Disclosure of Invention
The invention aims to: to the problem that prior art exists, provide a flow detection system with data analysis and internet data sharing function, solve current water supply and drainage flow detection more need manual operation, and the inconvenient problem of data storage.
The invention aims to be realized by the following technical scheme:
a flow detection system with data analysis and internet data sharing functions comprises:
the measuring host is used for sending measuring data to the mobile terminal or receiving an operating instruction of the mobile terminal through a short-distance wireless communication technology;
the cloud server is used for storing the measurement data uploaded by the mobile terminal;
and the mobile terminal is used for uploading the measured data to the cloud server, checking and downloading the data stored by the cloud server from the cloud server, analyzing the measured flow data and judging whether the current flow value is normal or not.
As a further technical scheme, the specific steps of analyzing the measured flow data and judging whether the current flow value is normal by the mobile terminal include:
(1) the mobile terminal acquires operation pipeline information;
(2) measurements on working linesThe host sends the current measured value u to the mobile terminal in real timeCurrent measured valueComparing the current measured value uCurrent measured valueAnd uRated valueObtaining a set of difference values, if the set of difference values are not larger than the corresponding threshold value TuRated valueIf so, the flow is normal; otherwise, the flow rate is abnormal.

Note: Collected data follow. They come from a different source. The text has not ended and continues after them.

text \<open>Number of increasing nodes on the path from the node to its leaf with
 0-based index i (leaves counted left to right).\<close>
fun inc_path :: "'a ddt \<Rightarrow> nat \<Rightarrow> nat"
and inc_path_list :: "'a ddt list \<Rightarrow> nat \<Rightarrow> nat" where
  "inc_path (Lf a) i = 0"
| "inc_path (DupN l cs) i = inc_path_list cs i"
| "inc_path (IncN l cs) i = Suc (inc_path_list cs i)"
| "inc_path_list [] i = 0"
| "inc_path_list (c # cs) i =
     (if i < nleaves c then inc_path c i else inc_path_list cs (i - nleaves c))"

text \<open>Random hash function: i.i.d. uniform values in [0,1] for every input;
 this gives a uniformly random relative order on every finite set of inputs
 (injective almost surely).\<close>
definition hash_space :: "('a inp \<Rightarrow> real) measure" where
  "hash_space = (\<Pi>\<^sub>M _\<in>UNIV. uniform_measure lborel {0..1})"

end

theory Submission
  imports Defs
begin

text \<open>After a duplicate level no two adjacent nodes have the same hash input, so at the
  following increasing level each adjacent pair is a descent, i.e. a run boundary, with
  probability at most \<open>3/4\<close>. The inputs of different levels carry different level numbers,
  so different levels see independent hash values; conditioning on the levels built so far,
  the number of nodes minus one shrinks in expectation by the factor \<open>3/4\<close> with every pair
  of levels. Hence after \<open>2K + 1\<close> levels the tree has reached its root with probability at
  least \<open>1 - (n - 1) (3/4)^K\<close>, and a root-to-leaf path contains at most as many increasing
  nodes as the tree has levels. Taking \<open>K\<close> of order \<open>(c + 1) log\<^sub>2 n\<close> gives the claim.\<close>

section \<open>Maximal runs\<close>

lemma runs_concat: "concat (runs R xs) = xs"
  by (induction R xs rule: runs.induct) (auto split: list.splits)

lemma Nil_notin_runs: "[] \<notin> set (runs R xs)"
  by (induction R xs rule: runs.induct) (auto split: list.splits)

lemma runs_Cons_not_Nil: "runs R (y # xs) \<noteq> []"
  using runs_concat[of R "y # xs"] by auto

lemma runs_Cons_hd:
  assumes "runs R (y # xs) = r # rs"
  shows "r \<noteq> [] \<and> hd r = y"
proof -
  have "r \<noteq> []" using Nil_notin_runs[of R "y # xs"] assms by auto
  moreover have "concat (r # rs) = y # xs" using runs_concat[of R "y # xs"] assms by simp
  ultimately show ?thesis by (cases r) auto
qed

lemma set_runs_subset: "r \<in> set (runs R xs) \<Longrightarrow> set r \<subseteq> set xs"
  using runs_concat[of R xs] by (metis set_concat UN_upper)

lemma runs_cong:
  "(\<And>u v. u \<in> set xs \<Longrightarrow> v \<in> set xs \<Longrightarrow> R u v = R' u v) \<Longrightarrow> runs R xs = runs R' xs"
  by (induction R xs rule: runs.induct) (auto split: list.splits)

lemma length_runs_le: "length (runs R xs) \<le> length xs"
  by (induction R xs rule: runs.induct) (auto split: list.splits)

lemma length_runs_minus_one:
  "length (runs R xs) - 1 = (\<Sum>j<length xs - 1. if R (xs ! j) (xs ! Suc j) then 0 else 1)"
proof (induction R xs rule: runs.induct)
  case (3 R x y xs)
  obtain r rs where rs: "runs R (y # xs) = r # rs"
    using runs_Cons_not_Nil by (metis list.exhaust)
  have "(\<Sum>j<length (x # y # xs) - 1. if R ((x # y # xs) ! j) ((x # y # xs) ! Suc j) then 0 else 1)
      = (if R x y then 0 else 1)
        + (\<Sum>j<length (y # xs) - 1. if R ((y # xs) ! j) ((y # xs) ! Suc j) then 0 else (1::nat))"
    by (simp add: sum.lessThan_Suc_shift del: sum.lessThan_Suc)
  moreover have "length (runs R (x # y # xs)) - 1 = (if R x y then 0 else 1) + (length (runs R (y # xs)) - 1)"
    using rs by simp
  ultimately show ?case using 3 by simp
qed auto

lemma successively_runs_eq:
  "successively (\<lambda>r s. f (hd r) \<noteq> f (hd s)) (runs (\<lambda>u v. f u = f v) xs)"
proof (induction "\<lambda>u v. f u = f v" xs rule: runs.induct)
  case (3 x y xs)
  obtain r rs where rs: "runs (\<lambda>u v. f u = f v) (y # xs) = r # rs"
    using runs_Cons_not_Nil by (metis list.exhaust)
  show ?case using 3 rs runs_Cons_hd[OF rs] by (cases rs) auto
qed auto

section \<open>Levels of the tree\<close>

fun inp_level :: "'a inp \<Rightarrow> nat" where
  "inp_level (Chr a) = 0"
| "inp_level (DupIn l k c) = l"
| "inp_level (IncIn l cs) = l"

abbreviation at_level :: "nat \<Rightarrow> 'a ddt list \<Rightarrow> bool" where
  "at_level l T \<equiv> \<forall>u\<in>set T. inp_level (ddt_inp u) = l"

fun ddt_steps :: "('a inp \<Rightarrow> real) \<Rightarrow> nat \<Rightarrow> 'a ddt list \<Rightarrow> nat \<Rightarrow> 'a ddt list" where
  "ddt_steps h l T 0 = T"
| "ddt_steps h l T (Suc k) = ddt_step h (l + Suc k) (ddt_steps h l T k)"

lemma ddt_level_eq_ddt_steps: "ddt_level h x k = ddt_steps h 0 (map Lf x) k"
  by (induction k) auto

lemma ddt_steps_add: "ddt_steps h l T (k + k') = ddt_steps h (l + k) (ddt_steps h l T k) k'"
  by (induction k') (auto simp: add.assoc)

lemma at_level_ddt_step: "at_level m (ddt_step h m T)"
proof -
  have "inp_level (ddt_inp (DupN m cs)) = m" for cs :: "'a ddt list"
    by (cases cs) auto
  then show ?thesis by (auto simp: ddt_step_def)
qed

lemma at_level_ddt_steps: "at_level l T \<Longrightarrow> at_level (l + k) (ddt_steps h l T k)"
  by (induction k) (simp_all add: at_level_ddt_step)

lemma ddt_step_cong:
  assumes "\<And>u. u \<in> set T \<Longrightarrow> h (ddt_inp u) = h' (ddt_inp u)"
  shows "ddt_step h m T = ddt_step h' m T"
proof -
  have "runs (\<lambda>u v. h (ddt_inp u) = h (ddt_inp v)) T = runs (\<lambda>u v. h' (ddt_inp u) = h' (ddt_inp v)) T"
    "runs (\<lambda>u v. h (ddt_inp u) < h (ddt_inp v)) T = runs (\<lambda>u v. h' (ddt_inp u) < h' (ddt_inp v)) T"
    by (auto intro!: runs_cong simp: assms)
  then show ?thesis unfolding ddt_step_def by simp
qed

lemma ddt_steps_cong:
  assumes "at_level l T" and "\<And>a. l \<le> inp_level a \<Longrightarrow> inp_level a < l + k \<Longrightarrow> h a = h' a"
  shows "ddt_steps h l T k = ddt_steps h' l T k"
  using assms(2)
proof (induction k)
  case (Suc k)
  then have "ddt_steps h l T k = ddt_steps h' l T k" by auto
  then show ?case using Suc.prems at_level_ddt_steps[OF assms(1), of h k]
    by (auto intro!: ddt_step_cong)
qed simp

lemma length_ddt_step_le: "length (ddt_step h m T) \<le> length T"
  by (simp add: ddt_step_def length_runs_le)

lemma ddt_level_not_Nil: "x \<noteq> [] \<Longrightarrow> ddt_level h x l \<noteq> []"
proof (induction l)
  case (Suc l)
  then obtain y ys where "ddt_level h x l = y # ys" by (meson list.exhaust)
  then show ?case by (auto simp: ddt_step_def runs_Cons_not_Nil)
qed simp

lemma distinct_adj_ddt_step_odd:
  assumes "odd m"
  shows "distinct_adj (map ddt_inp (ddt_step h m T))"
proof -
  let ?R = "runs (\<lambda>u v. h (ddt_inp u) = h (ddt_inp v)) T"
  have "successively (\<lambda>r s. ddt_inp (DupN m r) \<noteq> ddt_inp (DupN m s)) ?R"
  proof (rule successively_mono[OF successively_runs_eq])
    fix r s assume "r \<in> set ?R" "s \<in> set ?R" and hd: "h (ddt_inp (hd r)) \<noteq> h (ddt_inp (hd s))"
    then have "r \<noteq> []" "s \<noteq> []" using Nil_notin_runs by metis+
    then obtain a r' b s' where "r = a # r'" "s = b # s'" by (meson list.exhaust)
    then show "ddt_inp (DupN m r) \<noteq> ddt_inp (DupN m s)" using hd by auto
  qed
  then show ?thesis using assms by (simp add: ddt_step_def distinct_adj_def successively_map)
qed

lemma length_ddt_step_even:
  "even m \<Longrightarrow> length (ddt_step h m T) - 1
     = (\<Sum>j<length T - 1. if h (ddt_inp (T ! j)) < h (ddt_inp (T ! Suc j)) then 0 else 1)"
  unfolding ddt_step_def using length_runs_minus_one[of "\<lambda>u v. h (ddt_inp u) < h (ddt_inp v)" T]
  by simp

lemma inc_path_list_le: "(\<And>c i. c \<in> set cs \<Longrightarrow> inc_path c i \<le> B) \<Longrightarrow> inc_path_list cs i \<le> B"
  by (induction cs arbitrary: i) auto

lemma inc_path_le_level: "t \<in> set (ddt_level h x l) \<Longrightarrow> inc_path t i \<le> l"
proof (induction l arbitrary: t i)
  case (Suc l)
  then obtain r where r: "r \<in> set (runs (\<lambda>u v. h (ddt_inp u) = h (ddt_inp v)) (ddt_level h x l)) \<and> t = DupN (Suc l) r
     \<or> r \<in> set (runs (\<lambda>u v. h (ddt_inp u) < h (ddt_inp v)) (ddt_level h x l)) \<and> t = IncN (Suc l) r"
    by (auto simp: ddt_step_def split: if_splits)
  then have "set r \<subseteq> set (ddt_level h x l)" using set_runs_subset by blast
  then have "inc_path_list r i \<le> l" by (intro inc_path_list_le) (auto intro: Suc.IH)
  then show ?case using r by auto
qed auto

As a further technical scheme, u isCurrent measured valueAs uHistorical valueStoring in a database, and determining the u of the measured operation pipeline in the databaseHistorical valueWhen the quantity of the measured operation pipeline reaches the set quantity, calculating the probability of occurrence of the abnormal flow of the measured operation pipeline through linear regression, drawing a trend curve, and predicting the possible abnormal flow.
As a further technical solution, a specific method for predicting a possible flow abnormality is as follows: when the trend line is suddenly changed, the phenomenon of abnormal flow of the measured drainage system is judged; when the trend line shows monotonous decrease, the phenomenon of abnormal flow of the measured drainage system is judged.

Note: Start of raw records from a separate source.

lemma fibre_spread:
  assumes "l \<in> L" "P \<in> l" "Q \<in> l" "R \<in> l" "P \<noteq> Q" "R \<noteq> Q"
    "fibre P \<subseteq> Y" "(Q, t) \<in> Y"
  shows "fibre R \<subseteq> Y"
proof
  fix x :: "'a \<times> 'f" assume "x \<in> fibre R"
  then obtain v where x: "x = (R, v)" by (cases x) simp
  obtain a c where ac: "(Q, t) \<in> graph_block l a c" "(R, v) \<in> graph_block l a c"
    by (rule graph_block_through[OF inj_on_labelling_block[OF assms(1)] assms(3,4) assms(6)[symmetric]])
  let ?p = "(P, a + labelling l P * c)"
  have p_block: "?p \<in> graph_block l a c" using assms(2) by (simp add: mem_graph_block)
  have "?p \<in> fibre P" by simp
  then have p_Y: "?p \<in> Y" using assms(7) by blast
  have "graph_block l a c \<subseteq> Y"
    by (rule graph_block_subset_flat[OF assms(1-3,5) p_Y assms(8) p_block ac(1)])
  then show "x \<in> Y" using ac(2) x by blast
qed

lemma fibre_spread_line:
  assumes three: "\<forall>l\<in>L. 3 \<le> card l"
    and "l \<in> L" "P \<in> l" "Q \<in> l" "R \<in> l" "P \<noteq> Q" "fibre P \<subseteq> Y" "(Q, t) \<in> Y"
  shows "fibre R \<subseteq> Y"
proof (cases "R = Q")
  case True
  have "\<not> l \<subseteq> {P, Q}"
  proof
    assume "l \<subseteq> {P, Q}"
    then have "card l \<le> card {P, Q}" by (intro card_mono) auto
    moreover have "card {P, Q} \<le> 2" by (cases "P = Q") simp_all
    ultimately show False using three assms(2) by fastforce
  qed
  then obtain R' where R': "R' \<in> l" "R' \<noteq> P" "R' \<noteq> Q" by blast
  have "fibre R' \<subseteq> Y" using fibre_spread[OF assms(2-4) R'(1) assms(6) R'(3) assms(7,8)] .
  moreover have "(P, 0) \<in> Y" using assms(7) by (auto simp: fibre_def)
  ultimately show ?thesis
    using fibre_spread[OF assms(2) R'(1) assms(3,5) R'(2)] True assms(6) by blast
next
  case False
  show ?thesis by (rule fibre_spread[OF assms(2-6) False assms(7,8)])
qed

lemma is_flat_full_fibres:
  assumes "\<forall>l\<in>L. 3 \<le> card l"
  shows "is_flat D L {P \<in> D. fibre P \<subseteq> Y}"
proof (rule is_flatI[OF base])
  fix P Q l
  assume h: "P \<in> {P \<in> D. fibre P \<subseteq> Y}" "Q \<in> {P \<in> D. fibre P \<subseteq> Y}" "P \<noteq> Q"
    "l \<in> L" "P \<in> l" "Q \<in> l"
  have "(Q, 0) \<in> Y" using h(2) by (auto simp: fibre_def)
  then show "l \<subseteq> {P \<in> D. fibre P \<subseteq> Y}"
    using fibre_spread_line[OF assms h(4-5,6) _ h(3)] h(1) pbd_block_subset[OF base h(4)] by blast
qed blast

end

end

section \<open>A PBD(31, {3,4}) inside PG(3,3)\<close>

datatype F3 = Z3 | O3 | T3

instantiation F3 :: field
begin
definition "zero_F3 = Z3"
definition "one_F3 = O3"
definition "plus_F3 a b = (case a of Z3 \<Rightarrow> b | O3 \<Rightarrow> (case b of Z3 \<Rightarrow> O3 | O3 \<Rightarrow> T3 | T3 \<Rightarrow> Z3)
   | T3 \<Rightarrow> (case b of Z3 \<Rightarrow> T3 | O3 \<Rightarrow> Z3 | T3 \<Rightarrow> O3))"
definition "uminus_F3 a = (case a of Z3 \<Rightarrow> Z3 | O3 \<Rightarrow> T3 | T3 \<Rightarrow> O3)"
definition "minus_F3 (a::F3) b = a + - b"
definition "times_F3 a b = (case a of Z3 \<Rightarrow> Z3 | O3 \<Rightarrow> b | T3 \<Rightarrow> - b)"
definition "inverse_F3 (a::F3) = a"
definition "divide_F3 (a::F3) b = a * inverse b"
instance
  by standard (auto simp: zero_F3_def one_F3_def plus_F3_def uminus_F3_def minus_F3_def times_F3_def
      inverse_F3_def divide_F3_def split: F3.splits)
end

lemma UNIV_F3: "(UNIV :: F3 set) = {0, 1, T3}"
  by (auto simp: zero_F3_def one_F3_def intro: F3.exhaust)

instance F3 :: finite
  by standard (simp add: UNIV_F3)

lemma F3_simps [simp]:
  "Z3 = 0" "O3 = 1" "(1::F3) + 1 = T3" "T3 + T3 = 1" "1 + T3 = 0" "T3 + 1 = 0"
  "T3 * T3 = 1" "-(1::F3) = T3" "- T3 = 1" "T3 \<noteq> 0" "T3 \<noteq> 1" "(2::F3) = T3"
  by (simp_all add: one_add_one[symmetric] zero_F3_def one_F3_def plus_F3_def times_F3_def uminus_F3_def)

lemma F3_cases: "(x::F3) = 0 \<or> x = 1 \<or> x = T3"
  by (cases x) auto

lemma ex_F3: "(\<exists>x::F3. P x) \<longleftrightarrow> P 0 \<or> P 1 \<or> P T3"
  using F3_cases by metis

type_synonym V = "F3^4"

definition vec4 :: "F3 \<Rightarrow> F3 \<Rightarrow> F3 \<Rightarrow> F3 \<Rightarrow> V" where
  "vec4 a b c d = (\<chi> i. if i = 1 then a else if i = 2 then b else if i = 3 then c else d)"

lemma vec4_nth [simp]:
  "vec4 a b c d $ 1 = a" "vec4 a b c d $ 2 = b" "vec4 a b c d $ 3 = c" "vec4 a b c d $ 4 = d"
  by (simp_all add: vec4_def)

As a further technical solution, the trend line is obtained as follows:
putting the time and the flow value into a Cartesian coordinate system, wherein the flow value fluctuates along with the change of the time, and the linear relation is set as follows: (x) ax + b;
the error of each point can be expressed as: e ═ f (x)i)-yi)2;
The square of the total error is:
different a and b will make the value of tau different, and according to the multiple calculus, when:
then taking the minimum value;
solving the above equation system to obtain a, b, and obtaining the equation f (x) of the trend line.
As a further technical scheme, if the a or b quantity changes to be larger than a certain rated value, the pipeline flow is abnormal; if the absolute value of a is larger than a set rated value, the pipeline flow is abnormal.
As a further technical solution, the method for the mobile terminal to obtain the operation pipeline information includes:
if the operation pipeline information is recorded into the mobile terminal for the first time, the operation pipeline information is stored into a local database and is also stored into a cloud server for sharing after the operation pipeline information is recorded into the mobile terminal for the first time;
if not, the mobile terminal selects one of the following modes to obtain:
(1) the method comprises the steps of checking locally at a cloud server or a mobile terminal, manually screening out required pipeline information, downloading and then automatically inputting;
(2) the two-dimension code of the scanning measurement site is automatically screened out from a local database or a cloud server to download the pipeline information of the corresponding pipeline and then is automatically input, and the information contained in the two-dimension code comprises the same information as the input pipeline information.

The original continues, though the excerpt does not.